Luigi Bianco was born 3 March 1960 is an Italian prelate of the Catholic Church who has spent his career in the diplomatic service of the Holy See. He has been an apostolic nuncio with the rank of archbishop since 2009.

Biography
Luigi Bianco was born 3 March 1960 at Montemagno, Italy. He was ordained a priest of the Diocese of Casale Monferrato on 30 March 1985. He earned a doctorate in canon law from the Pontifical Urban University in Rome.

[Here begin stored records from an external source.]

lemma (in operator_matrix) outside_schur_set_if_not_in_Sstar:
  assumes "n \<ge> 2" "k \<in> {1..n}" "l \<notin> Sstar sm n X Dom A k"
  shows "outside_schur_set sm n X Dom A l k"
proof -
  have not_in: "l \<notin> Sstar2 sm n X Dom A k j" if "j \<in> {1..n} - {k}" for j
    using assms(3) that unfolding Sstar_def by blast
  obtain j0 where j0: "j0 \<in> {1..n} - {k}"
    using assms(1,2) that[of 1] that[of 2] by (cases "k = 1") auto
  have "l \<notin> gspec sm norm (X j) (Dom j j) (A j j)" if "j \<in> {1..n}" for j
    using not_in[OF j0] not_in[of j] that unfolding Sstar2_def Let_def by (cases "j = k") auto
  moreover have "Rstar sm n X Dom A k j l < 1" if "j \<in> {1..n} - {k}" for j
    using not_in[OF that] unfolding Sstar2_def Let_def by auto
  ultimately show ?thesis
    using assms(2) by unfold_locales
qed

theorem theorem5p2:
  fixes sm :: "complex \<Rightarrow> 'a::banach \<Rightarrow> 'a"
    and n :: nat
    and X :: "nat \<Rightarrow> 'a set"
    and Dom :: "nat \<Rightarrow> nat \<Rightarrow> 'a set"
    and A :: "nat \<Rightarrow> nat \<Rightarrow> 'a \<Rightarrow> 'a"
  assumes cb: "cbanach sm"
    and n2: "n \<ge> 2"
    and Xsub: "\<And>i. i \<in> {1..n} \<Longrightarrow> csubspace sm (X i) \<and> closed (X i)"
    and Dsub: "\<And>i j. i \<in> {1..n} \<Longrightarrow> j \<in> {1..n} \<Longrightarrow> Dom i j \<subseteq> X j"
    and Amap: "\<And>i j. i \<in> {1..n} \<Longrightarrow> j \<in> {1..n} \<Longrightarrow> A i j ` Dom i j \<subseteq> X i"
    and Alin: "\<And>i j. i \<in> {1..n} \<Longrightarrow> j \<in> {1..n} \<Longrightarrow> clinear_on sm (Dom i j) (A i j)"
    and Aclosed: "\<And>i. i \<in> {1..n} \<Longrightarrow> closed_op norm (X i) (Dom i i) (A i i)"
    and Arel: "\<And>i j. i \<in> {1..n} \<Longrightarrow> j \<in> {1..n} \<Longrightarrow> i \<noteq> j \<Longrightarrow>
        Dom j j \<subseteq> Dom i j \<and> (\<exists>\<alpha> \<beta>. \<alpha> \<ge> 0 \<and> \<beta> \<ge> 0 \<and>
          (\<forall>x\<in>Dom j j. norm (A i j x) \<le> \<alpha> * norm x + \<beta> * norm (A j j x)))"
    and perm_closed: "\<And>p k. p permutes {1..n} \<Longrightarrow> k \<in> {2..n} \<Longrightarrow>
        closed_op (prodnorm k) (prodsp X (inv p) k) (blockdom Dom (inv p) k) (blockop A (inv p) k)"
  shows "gspec (prodsm sm) (prodnorm n) (prodsp X id n) (blockdom Dom id n) (blockop A id n)
           \<subseteq> (\<Inter>k\<in>{1..n}. Sstar sm n X Dom A k)"
proof -
  have "operator_matrix sm n X Dom A"
  proof
    fix i j assume "i \<in> {1..n}" "j \<in> {1..n}"
    then show "Dom j j \<subseteq> Dom i j" using Arel by (cases "i = j") auto
  qed (use cb Xsub Dsub Amap Alin Arel in auto)
  then show ?thesis
    using operator_matrix.outside_schur_set_if_not_in_Sstar[OF _ n2] outside_schur_set.not_in_gspec by blast
qed

end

He entered the diplomatic service of the Holy See on 1 July 1989. He served in the various Nunciatures, including in Italy, Egypt, Argentina, Croatia and Spain.

On 12 January 2009, he was appointed Apostolic Nuncio to Honduras and titular archbishop of Falerone. He was consecrated bishop on 25 April 2009 at Sant’Evasio Cathedral, Casale Monferrato, by Cardinal Tarcisio Bertone.

On 12 July 2014, he was appointed as Apostolic Nuncio to Ethiopia. On 10 September 2014, he was appointed Apostolic Nuncio to Djibouti and Apostolic Delegate to Somalia.

On 4 February 2019, he was appointed by Pope Francis, as Papal nuncio to Uganda. He took up office in Kampala, Uganda on Monday 8 April 2019.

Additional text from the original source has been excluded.